(Stored items)
---+---

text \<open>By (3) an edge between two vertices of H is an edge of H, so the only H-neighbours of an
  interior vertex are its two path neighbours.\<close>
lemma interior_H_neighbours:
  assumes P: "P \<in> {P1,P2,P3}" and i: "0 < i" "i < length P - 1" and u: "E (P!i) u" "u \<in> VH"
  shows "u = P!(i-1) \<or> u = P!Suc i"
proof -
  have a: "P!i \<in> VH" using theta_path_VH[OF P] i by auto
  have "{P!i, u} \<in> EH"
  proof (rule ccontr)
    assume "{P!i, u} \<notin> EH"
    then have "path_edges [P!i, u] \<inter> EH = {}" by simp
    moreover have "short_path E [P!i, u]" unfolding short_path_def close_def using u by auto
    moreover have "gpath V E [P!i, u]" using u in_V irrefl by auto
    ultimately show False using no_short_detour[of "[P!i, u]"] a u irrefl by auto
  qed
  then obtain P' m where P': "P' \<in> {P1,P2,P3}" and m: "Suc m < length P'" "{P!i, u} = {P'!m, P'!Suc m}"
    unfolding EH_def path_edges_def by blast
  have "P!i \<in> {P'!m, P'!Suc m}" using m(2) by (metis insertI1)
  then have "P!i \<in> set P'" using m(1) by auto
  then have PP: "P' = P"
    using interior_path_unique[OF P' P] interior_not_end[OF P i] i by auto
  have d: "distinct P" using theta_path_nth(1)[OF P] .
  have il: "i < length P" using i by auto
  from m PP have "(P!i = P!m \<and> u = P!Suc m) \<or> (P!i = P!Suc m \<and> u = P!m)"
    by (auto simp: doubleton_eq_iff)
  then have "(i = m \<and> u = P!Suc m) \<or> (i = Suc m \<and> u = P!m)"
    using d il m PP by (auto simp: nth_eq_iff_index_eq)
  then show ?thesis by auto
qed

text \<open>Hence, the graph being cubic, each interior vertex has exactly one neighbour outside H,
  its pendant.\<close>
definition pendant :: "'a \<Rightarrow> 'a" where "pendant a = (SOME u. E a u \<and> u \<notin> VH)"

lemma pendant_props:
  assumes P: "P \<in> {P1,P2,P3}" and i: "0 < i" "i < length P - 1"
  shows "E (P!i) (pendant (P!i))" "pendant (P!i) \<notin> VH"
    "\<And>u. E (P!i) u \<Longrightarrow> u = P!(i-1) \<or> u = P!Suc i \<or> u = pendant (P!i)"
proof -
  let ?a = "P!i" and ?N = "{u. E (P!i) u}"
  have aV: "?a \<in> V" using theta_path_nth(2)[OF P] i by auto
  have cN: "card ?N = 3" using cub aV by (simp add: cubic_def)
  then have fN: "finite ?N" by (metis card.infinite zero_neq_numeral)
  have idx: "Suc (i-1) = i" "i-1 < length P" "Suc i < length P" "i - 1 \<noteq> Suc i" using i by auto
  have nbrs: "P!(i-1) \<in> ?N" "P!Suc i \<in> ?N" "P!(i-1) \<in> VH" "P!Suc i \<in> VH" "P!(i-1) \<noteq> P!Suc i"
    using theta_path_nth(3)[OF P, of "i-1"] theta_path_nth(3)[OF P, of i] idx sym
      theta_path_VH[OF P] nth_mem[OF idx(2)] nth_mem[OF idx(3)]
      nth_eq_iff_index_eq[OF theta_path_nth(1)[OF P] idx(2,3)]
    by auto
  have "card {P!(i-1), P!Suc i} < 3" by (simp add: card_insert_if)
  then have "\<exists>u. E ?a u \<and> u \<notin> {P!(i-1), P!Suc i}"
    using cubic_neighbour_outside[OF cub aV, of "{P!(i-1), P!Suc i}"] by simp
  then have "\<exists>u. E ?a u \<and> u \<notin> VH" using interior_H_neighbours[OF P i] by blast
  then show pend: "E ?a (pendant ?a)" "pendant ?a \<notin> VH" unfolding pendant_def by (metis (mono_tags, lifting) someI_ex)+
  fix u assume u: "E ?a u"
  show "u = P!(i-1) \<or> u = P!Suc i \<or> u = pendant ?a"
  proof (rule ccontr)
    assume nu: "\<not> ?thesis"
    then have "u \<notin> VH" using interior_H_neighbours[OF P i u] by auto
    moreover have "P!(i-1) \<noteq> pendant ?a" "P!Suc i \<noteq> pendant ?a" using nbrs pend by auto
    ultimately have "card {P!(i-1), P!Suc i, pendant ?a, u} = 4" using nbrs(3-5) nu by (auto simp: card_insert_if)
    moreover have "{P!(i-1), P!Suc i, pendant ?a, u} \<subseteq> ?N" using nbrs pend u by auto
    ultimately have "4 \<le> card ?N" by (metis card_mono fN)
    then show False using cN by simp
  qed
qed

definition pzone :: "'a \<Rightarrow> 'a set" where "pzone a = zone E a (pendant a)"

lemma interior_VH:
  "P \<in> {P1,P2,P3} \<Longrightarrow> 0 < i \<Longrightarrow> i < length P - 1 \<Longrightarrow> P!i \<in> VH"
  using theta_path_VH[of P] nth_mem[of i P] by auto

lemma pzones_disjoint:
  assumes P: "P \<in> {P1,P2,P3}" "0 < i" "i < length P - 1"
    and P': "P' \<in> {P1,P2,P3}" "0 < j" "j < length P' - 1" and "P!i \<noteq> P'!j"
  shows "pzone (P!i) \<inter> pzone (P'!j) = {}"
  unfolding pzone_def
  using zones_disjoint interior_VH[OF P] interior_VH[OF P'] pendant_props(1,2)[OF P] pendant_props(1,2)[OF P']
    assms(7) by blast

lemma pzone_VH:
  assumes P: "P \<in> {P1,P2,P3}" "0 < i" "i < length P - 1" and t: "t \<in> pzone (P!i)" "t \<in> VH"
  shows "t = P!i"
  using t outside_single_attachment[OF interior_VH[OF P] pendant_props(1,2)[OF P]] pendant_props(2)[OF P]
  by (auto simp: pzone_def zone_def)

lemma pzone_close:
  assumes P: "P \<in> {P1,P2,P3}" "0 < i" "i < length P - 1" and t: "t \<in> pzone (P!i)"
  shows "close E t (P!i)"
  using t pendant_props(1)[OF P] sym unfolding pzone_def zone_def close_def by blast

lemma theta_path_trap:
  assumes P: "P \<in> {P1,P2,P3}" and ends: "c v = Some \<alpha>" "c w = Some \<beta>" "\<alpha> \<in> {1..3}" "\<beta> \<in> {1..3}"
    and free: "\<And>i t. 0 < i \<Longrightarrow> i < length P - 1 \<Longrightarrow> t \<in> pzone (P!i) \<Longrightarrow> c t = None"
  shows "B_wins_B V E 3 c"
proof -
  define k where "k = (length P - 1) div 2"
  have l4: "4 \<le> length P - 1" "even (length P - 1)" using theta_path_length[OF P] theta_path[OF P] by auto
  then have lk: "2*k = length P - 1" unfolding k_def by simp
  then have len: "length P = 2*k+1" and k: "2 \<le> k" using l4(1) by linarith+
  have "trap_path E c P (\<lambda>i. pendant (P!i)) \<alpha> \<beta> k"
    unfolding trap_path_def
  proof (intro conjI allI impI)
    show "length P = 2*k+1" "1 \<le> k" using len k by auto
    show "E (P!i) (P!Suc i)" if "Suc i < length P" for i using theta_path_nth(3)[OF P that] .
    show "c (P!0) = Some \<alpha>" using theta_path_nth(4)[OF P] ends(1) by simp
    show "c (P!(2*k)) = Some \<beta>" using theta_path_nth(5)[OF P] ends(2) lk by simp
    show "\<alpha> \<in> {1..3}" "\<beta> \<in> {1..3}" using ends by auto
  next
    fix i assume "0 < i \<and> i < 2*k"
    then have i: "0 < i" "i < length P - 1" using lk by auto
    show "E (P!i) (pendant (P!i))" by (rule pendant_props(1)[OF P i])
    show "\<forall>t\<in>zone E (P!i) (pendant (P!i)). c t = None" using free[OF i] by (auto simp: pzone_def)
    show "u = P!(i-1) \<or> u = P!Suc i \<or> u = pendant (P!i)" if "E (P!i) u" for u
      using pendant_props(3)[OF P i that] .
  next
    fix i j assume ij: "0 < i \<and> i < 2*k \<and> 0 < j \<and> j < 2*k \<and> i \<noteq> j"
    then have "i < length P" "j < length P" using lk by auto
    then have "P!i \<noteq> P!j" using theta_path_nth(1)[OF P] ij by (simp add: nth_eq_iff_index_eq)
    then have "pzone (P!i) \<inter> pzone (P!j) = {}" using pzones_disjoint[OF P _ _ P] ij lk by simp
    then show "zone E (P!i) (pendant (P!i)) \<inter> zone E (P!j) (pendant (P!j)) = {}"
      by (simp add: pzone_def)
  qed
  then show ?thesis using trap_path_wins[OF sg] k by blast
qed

---+---

EXERCISE: Give back the records above exactly, limited to the lines between the one holding "m(1) by auto" and the one holding "by (auto simp: doubleton_eq_iff)", inclusive.

YOUR RESPONSE:
  then have "P!i \<in> set P'" using m(1) by auto
  then have PP: "P' = P"
    using interior_path_unique[OF P' P] interior_not_end[OF P i] i by auto
  have d: "distinct P" using theta_path_nth(1)[OF P] .
  have il: "i < length P" using i by auto
  from m PP have "(P!i = P!m \<and> u = P!Suc m) \<or> (P!i = P!Suc m \<and> u = P!m)"
    by (auto simp: doubleton_eq_iff)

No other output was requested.